Sunday 5 May 2013

Personal data: no notification needed for a simple software update


French Supreme Court (Cour de cassation, chambre sociale), 23 April 2013, 11-26.099 (published in the bulletin)


Under article 22 of the French personal data Act, automatic processing of personal data must be notified to the French personal data authority CNIL.

In the present case, a youth educator had been dismissed for refusing to enter data concerning minors under protective measures into a software that had been updated. The employee considered that he was not obliged to accept allegedly unlawful orders given by the employer.

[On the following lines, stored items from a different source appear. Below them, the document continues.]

lemma free_ext_fsmul_gen: "free_ext G (fsmul n s (gen r n c)) = G (bmul n s (bone r n)) c"
proof -
  have "free_ext G (fsmul n s (gen r n c)) = (\<Sum>z\<in>{c}. G (fsmul n s (gen r n c) z) z)"
    using supp_fsmul[of n s "gen r n c"] supp_gen[of r n c] G_zero by (intro free_ext_superset) auto
  then show ?thesis by (simp add: fsmul_def gen_def)
qed

lemma free_ext_gen: "free_ext G (gen r n c) = G (bone r n) c"
proof -
  have "free_ext G (gen r n c) = (\<Sum>z\<in>{c}. G (gen r n c z) z)"
    using supp_gen[of r n c] G_zero by (intro free_ext_superset) auto
  then show ?thesis by (simp add: gen_def)
qed

lemma free_ext_fsmul:
  "finite (supp f) \<Longrightarrow> free_ext G (fsmul n s f) = (\<Sum>z\<in>supp f. G (bmul n s (f z)) z)"
  using supp_fsmul[of n s f] G_zero by (subst free_ext_superset[of "supp f"]) (auto simp: fsmul_def)

end

subsection \<open>Derivations of A and a pairing on Omega_A\<close>

context minimal_pair begin

definition dalpha :: "'a elt \<Rightarrow> 'a elt \<Rightarrow> 'a" where "dalpha u z = aug u * xcoeff z"
definition dpi :: "'a elt \<Rightarrow> 'a elt \<Rightarrow> 'a elt" where "dpi u z = bscal (aug u) (hcomp d q z)"
definition pairing :: "'a elt \<Rightarrow> 'a elt \<Rightarrow> 'a elt" where
  "pairing u z = bscal (xcoeff u) (hcomp d q z) - bscal (xcoeff z) (hcomp d q u)"

lemma dalpha_additive: "left_additive dalpha"
  by unfold_locales (simp_all add: dalpha_def aug_add algebra_simps)
lemma dpi_additive: "left_additive dpi"
  by unfold_locales (simp_all add: dpi_def aug_add bscal_add_left)
lemma pairing_additive: "left_additive pairing"
  by unfold_locales
    (simp_all add: pairing_def xcoeff_add hcomp_add bscal_add_left bscal_add algebra_simps)

definition pairing_inv :: "('a elt \<Rightarrow> 'a elt) \<Rightarrow> bool" where
  "pairing_inv f \<longleftrightarrow> finite (supp f) \<and> (\<forall>z. f z \<in> A) \<and> free_ext dalpha f = 0
     \<and> free_ext dpi f \<in> W \<and> free_ext pairing f \<in> W"

lemma pairing_bmul_left:
  assumes "s \<in> A" "u \<in> A"
  shows "pairing (bmul n s u) z = bscal (aug s) (pairing u z) + bscal (xcoeff s) (dpi u z)
     - bscal (dalpha u z) (hcomp d q s)
     - bscal (xcoeff z) (hcomp d q (bmul n s u) - bscal (aug s) (hcomp d q u) - bscal (aug u) (hcomp d q s))"
proof -
  define w where "w = hcomp d q (bmul n s u) - bscal (aug s) (hcomp d q u) - bscal (aug u) (hcomp d q s)"
  have "hcomp d q (bmul n s u) = w + bscal (aug s) (hcomp d q u) + bscal (aug u) (hcomp d q s)"
    unfolding w_def by simp
  then have "pairing (bmul n s u) z = bscal (aug s * xcoeff u + aug u * xcoeff s) (hcomp d q z)
       - bscal (xcoeff z) (w + bscal (aug s) (hcomp d q u) + bscal (aug u) (hcomp d q s))"
    unfolding pairing_def xcoeff_bmul[OF assms] by simp
  also have "\<dots> = bscal (aug s) (bscal (xcoeff u) (hcomp d q z) - bscal (xcoeff z) (hcomp d q u))
      + bscal (xcoeff s) (bscal (aug u) (hcomp d q z)) - bscal (aug u * xcoeff z) (hcomp d q s)
      - bscal (xcoeff z) w"
    by (simp add: fun_eq_iff bscal_def smult_add_left smult_add_right smult_diff_right algebra_simps)
  finally show ?thesis unfolding w_def pairing_def dpi_def dalpha_def .
qed

lemma pairing_inv_zero: "pairing_inv (\<lambda>x. bzero)"
proof -
  have "supp (\<lambda>x::'a elt. bzero :: 'a elt) = {}" by (simp add: supp_def bzero_eq)
  then show ?thesis unfolding pairing_inv_def free_ext_def
    by (simp only: sum.empty finite.emptyI bzero_eq A_zero W_0 simp_thms)
qed

lemma pairing_inv_add:
  assumes "pairing_inv f" "pairing_inv g"
  shows "pairing_inv (fadd f g)"
proof -
  have fin: "finite (supp f)" "finite (supp g)" using assms by (auto simp: pairing_inv_def)
  have "finite (supp (f + g))" using fin supp_add[of f g] finite_subset by blast
  moreover have "(f + g) z \<in> A" for z
    using assms A_add[of "f z" "g z"] by (simp add: pairing_inv_def)
  moreover have "free_ext dalpha (f + g) = 0" "free_ext dpi (f + g) \<in> W"
    "free_ext pairing (f + g) \<in> W"
    using assms unfolding left_additive.free_ext_add[OF dalpha_additive fin]
      left_additive.free_ext_add[OF dpi_additive fin]
      left_additive.free_ext_add[OF pairing_additive fin]
    by (auto simp: pairing_inv_def intro: W_add)
  ultimately show ?thesis unfolding fadd_eq pairing_inv_def by blast
qed

lemma pairing_inv_fsmul:
  assumes sA: "s \<in> A" and f: "pairing_inv f"
  shows "pairing_inv (fsmul n s f)"
proof -
  have fin: "finite (supp f)" and fA: "\<And>z. f z \<in> A" and inv_alpha: "free_ext dalpha f = 0"
    and inv_pi: "free_ext dpi f \<in> W" and inv_pairing: "free_ext pairing f \<in> W"
    using f by (auto simp: pairing_inv_def)
  define w where "w z = hcomp d q (bmul n s (f z)) - bscal (aug s) (hcomp d q (f z))
        - bscal (aug (f z)) (hcomp d q s)" for z
  have "free_ext pairing (fsmul n s f) = bscal (aug s) (free_ext pairing f)
       + bscal (xcoeff s) (free_ext dpi f) - bscal (free_ext dalpha f) (hcomp d q s)
       - (\<Sum>z\<in>supp f. bscal (xcoeff z) (w z))"
    unfolding left_additive.free_ext_fsmul[OF pairing_additive fin] pairing_bmul_left[OF sA fA]
      w_def[symmetric]
    by (simp add: free_ext_def sum.distrib sum_subtractf bscal_sum bscal_sum_left)
  also have "\<dots> \<in> W"
  proof -
    have "w z \<in> W" for z unfolding w_def using hcomp_bmul[OF sA fA] .
    then show ?thesis unfolding inv_alpha bscal_zero diff_zero using inv_pairing inv_pi
      by (intro W_diff W_add W_bscal W_sum) auto
  qed
  finally have "free_ext pairing (fsmul n s f) \<in> W" .
  moreover have "free_ext dalpha (fsmul n s f) = aug s * free_ext dalpha f"
    unfolding left_additive.free_ext_fsmul[OF dalpha_additive fin]
    by (simp add: free_ext_def dalpha_def aug_bmul sum_distrib_left mult.assoc)
  moreover have "free_ext dpi (fsmul n s f) = bscal (aug s) (free_ext dpi f)"
    unfolding left_additive.free_ext_fsmul[OF dpi_additive fin]
    by (simp add: free_ext_def dpi_def aug_bmul bscal_sum bscal_bscal)
  moreover have "finite (supp (fsmul n s f))" using fin supp_fsmul[of n s f] finite_subset by blast
  moreover have "fsmul n s f z \<in> A" for z using fA sA by (simp add: fsmul_def A_mul)
  ultimately show ?thesis using inv_alpha inv_pi by (simp add: pairing_inv_def W_bscal)
qed

lemma pairing_inv_additive:
  assumes "a \<in> A" "c \<in> A"
  shows "pairing_inv (fsub (gen r n (badd a c)) (fadd (gen r n a) (gen r n c)))"
proof -
  have fin: "finite (supp (gen r n a + gen r n c))"
    by (rule finite_subset[OF supp_add]) (simp add: finite_supp_gen)
  have ext: "free_ext G (gen r n (a + c) - (gen r n a + gen r n c))
      = G (bone r n) (a + c) - (G (bone r n) a + G (bone r n) c)"
    if "left_additive G" for G :: "'a elt \<Rightarrow> 'a elt \<Rightarrow> 'b::ab_group_add"
    by (simp add: left_additive.free_ext_diff[OF that finite_supp_gen fin]
        left_additive.free_ext_add[OF that finite_supp_gen finite_supp_gen]
        left_additive.free_ext_gen[OF that])
  have "finite (supp (gen r n (a + c) - (gen r n a + gen r n c)))"
    by (rule finite_subset[OF supp_diff]) (simp add: finite_supp_gen fin)
  then show ?thesis
    using ext[OF dalpha_additive] ext[OF dpi_additive] ext[OF pairing_additive]
    by (simp add: pairing_inv_def fsub_eq fadd_eq badd_eq dalpha_def dpi_def pairing_def aug_bone
        xcoeff_add hcomp_add xcoeff_bone hcomp_q_bone W_0 A_diff A_add gen_A)
qed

The Court of Appeal of Aix-en-Provence found that the dismissal of the employee was not justified, because when the computer program EVA 3 was upgraded in January 2007 to EVA 4, personal data, which had been originally notified to the CNIL, had to be re-entered into the system by the educators, which meant that they had to be notified a second time to the CNIL beforehand.

The French Supreme Court has annulled the judgement of the Court of Appeal, stating that "only a substantial change in the information that has been previously declared has to be notified to the CNIL". The Court added that the mere updating of a computer program processing personal data does not entail an obligation for the data controller to notify the data-processing a second time.

The Supreme Court therefore annulled the judgement of the Court of Appeal of Aix-en-Provence as it had not verified whether the change of the computer program was a simple update or a change necessitating a new notification to the CNIL.